⟨
lemma cell_in_supp_b_iff:
  assumes "(i, j) \<in> index_b" "0 \<le> r" "r < w - 1"
  shows "cell x r \<in> supp_b (i, j) \<longleftrightarrow> j = (x - (r + 1) * i) mod h"
proof -
  have "cell x r \<in> supp_b (i, j) \<longleftrightarrow> (\<exists>s\<in>{1..w - 1}. h dvd x - (s * i + j) \<and> r = s - 1)"
    unfolding supp_b_def prod.case image_iff using assms(2,3) by (simp add: cell_eq_iff)
  also have "\<dots> \<longleftrightarrow> h dvd x - ((r + 1) * i + j)"
    using assms(2,3) by force
  also have "\<dots> \<longleftrightarrow> j = (x - (r + 1) * i) mod h"
    using assms(1) by (intro dvd_diff_add_iff_eq_mod) (auto simp: index_b_def)
  finally show ?thesis .
qed

lemma card_index_a_containing_cell:
  assumes "0 \<le> r" "r < w - 1"
  shows "card {q \<in> index_a. cell x r \<in> supp_a q} = (if r \<le> t - 2 then nat (w - 1) else 0)"
proof -
  have "{q \<in> index_a. cell x r \<in> supp_a q}
      = (if r \<le> t - 2 then {r} \<times> (\<lambda>s. (x - a s) mod h) ` {0..w - 2} else {})"
    using cell_in_supp_a_iff[OF _ assms] h_pos assms by (auto simp: index_a_def)
  moreover have "inj_on (\<lambda>s. (x - a s) mod h) {0..w - 2}"
    by (rule inj_onI) (auto simp: mod_eq_dvd_iff intro: a_eq_if_dvd[symmetric])
  ultimately show ?thesis
    by (simp add: card_cartesian_product card_image)
qed

lemma card_index_b_containing_cell:
  assumes "0 \<le> r" "r < w - 1"
  shows "card {q \<in> index_b. cell x r \<in> supp_b q} = nat (w - t)"
proof -
  have "{q \<in> index_b. cell x r \<in> supp_b q} = (\<lambda>i. (i, (x - (r + 1) * i) mod h)) ` {0..w - t - 1}"
    using cell_in_supp_b_iff[OF _ assms] h_pos by (auto simp: index_b_def)
  moreover have "inj_on (\<lambda>i. (i, (x - (r + 1) * i) mod h)) {0..w - t - 1}"
    by (rule inj_onI) simp
  ultimately show ?thesis
    by (simp add: card_image)
qed

lemma card_index_containing_cell:
  assumes "0 \<le> r" "r < w - 1"
  shows "card {q \<in> index. cell x r \<in> supp q} = (if r \<le> t - 2 then nat (w - 1) else 0) + nat (w - t)"
proof -
  have "{q \<in> index. cell x r \<in> supp q}
      = {q \<in> index_a. cell x r \<in> supp_a q} <+> {q \<in> index_b. cell x r \<in> supp_b q}"
    by (auto simp: index_def supp_def)
  moreover have "finite index_a" "finite index_b"
    by (simp_all add: index_a_def index_b_def)
  ultimately show ?thesis
    by (simp add: card_Plus card_index_a_containing_cell[OF assms] card_index_b_containing_cell[OF assms])
qed

lemma card_code_containing:
  assumes "v \<in> {0..<h * (w - 1)}"
  shows "card {c \<in> code. v \<in> supp_vec (h * (w - 1)) c}
    = (if v mod (w - 1) \<le> t - 2 then nat (w - 1) else 0) + nat (w - t)"
proof -
  have "card {c \<in> code. v \<in> supp_vec (h * (w - 1)) c} = card {q \<in> index. v \<in> supp q}"
    unfolding code_def using supp_shape inj_on_tip by (intro card_tip_vec_family_containing) auto
  also have "\<dots> = card {q \<in> index. cell (v div (w - 1)) (v mod (w - 1)) \<in> supp q}"
    using cell_div_mod[OF assms] by simp
  also have "\<dots> = (if v mod (w - 1) \<le> t - 2 then nat (w - 1) else 0) + nat (w - t)"
    using t_ge_2 t_le by (intro card_index_containing_cell) auto
  finally show ?thesis .
qed
(* The finite derivative test $\mathcal D$ is reasonable.
   Context: Let $\Omega=\{0,1\}$, $\Omega^\infty$ the set of infinite sequences $\omega=(\omega_1,\omega_2,\dots)$, and $\omega^t=(\omega_1,\dots,\omega_t)$ (also used for the cylinder set of all sequences with this prefix; $\omega^0=\emptyset$). $\mathcal G_t$ is the $\sigma$-algebra generated by the length-$t$ cylinders and $\mathcal G_\infty$ the $\sigma$-algebra generated by all cylinders. $\Delta(\Omega)$ is the set of probability distributions on $\Omega$; for $p\in\Delta(\Omega)$ and $x\in\Omega$, $p[x]$ is the probability of $x$. A forecasting strategy is a map $f:\bigcup_{t\ge0}(\Omega\times\Delta(\Omega)\times\Delta(\Omega))^t\to\Delta(\Omega)$; $F$ is the set of all forecasting strategies. Given an ordered pair $\vec f=(f,g)\in F\times F$ and $\omega\in\Omega^\infty$, the play path $(\omega,\vec f)$ is defined recursively: $(\omega,\vec f)^0=\emptyset$ and its $t$-th entry is $(\omega_t,f((\omega,\vec f)^{t-1}),g((\omega,\vec f)^{t-1}))$, where $(\omega,\vec f)^t$ is the prefix of length $t$. The pair $\vec f$ induces two probability measures on $(\Omega^\infty,\mathcal G_\infty)$, again denoted $f$ and $g$ (they depend on the pair), determined by $f(\omega^t)=\prod_{n=1}^t f((\omega,\vec f)^{n-1})[\omega_n]$ and $g(\omega^t)=\prod_{n=1}^t g((\omega,\vec f)^{n-1})[\omega_n]$. A (cardinal comparison) test is a sequence $T=(T_t)_{t>0}$ of $\mathcal G_t$-measurable functions $T_t:(\Omega\times\Delta(\Omega)\times\Delta(\Omega))^\infty\to[0,1]$ (depending only on the first $t$ entries); write $T_t(\omega,\vec f)=T_t((\omega,\vec f))$ and $T(\omega,\vec f)=\lim_t T_t(\omega,\vec f)$ whenever the limit exists. For $\epsilon\in(0,1)$ let $L^{\vec f}_{T,\epsilon}=\{\omega:T(\omega,\vec f)\text{ exists and }>\epsilon\}$ and $R^{\vec f}_{T,\epsilon}=\{\omega:T(\omega,\vec f)\text{ exists and }<\epsilon\}$. $T$ is reasonable if for all $\vec f=(f,g)\in F\times F$ and every measurable $A\subseteq\Omega^\infty$: for $\epsilon\in(0,\frac12)$, if $g(A)>0$ and $f(A)<\frac{\epsilon}{1-\epsilon}g(A)$ then $g(A\cap R^{\vec f}_{T,\epsilon})>0$; and for $\epsilon\in(\frac12,1)$, if $f(A)>0$ and $g(A)<\frac{1-\epsilon}{\epsilon}f(A)$ then $f(A\cap L^{\vec f}_{T,\epsilon})>0$ (with $f,g$ the measures induced by $\vec f$). The finite derivative test $\mathcal D$ is defined for $t\ge0$ by $\mathcal D_{t+1}(\omega,\vec f)=\frac{f(\omega^t)}{f(\omega^t)+g(\omega^t)}$ if $f(\omega^t)>0$ or $g(\omega^t)>0$, and $\frac12$ otherwise. *)

theory Defs
  imports "HOL-Probability.Probability"
begin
⟩
__What needs to be done__.
Copy out every line of the material above that contains the string "lemma".

__Your solution__.
lemma cell_in_supp_b_iff:
lemma card_index_a_containing_cell:
lemma card_index_b_containing_cell:
lemma card_index_containing_cell:
lemma card_code_containing:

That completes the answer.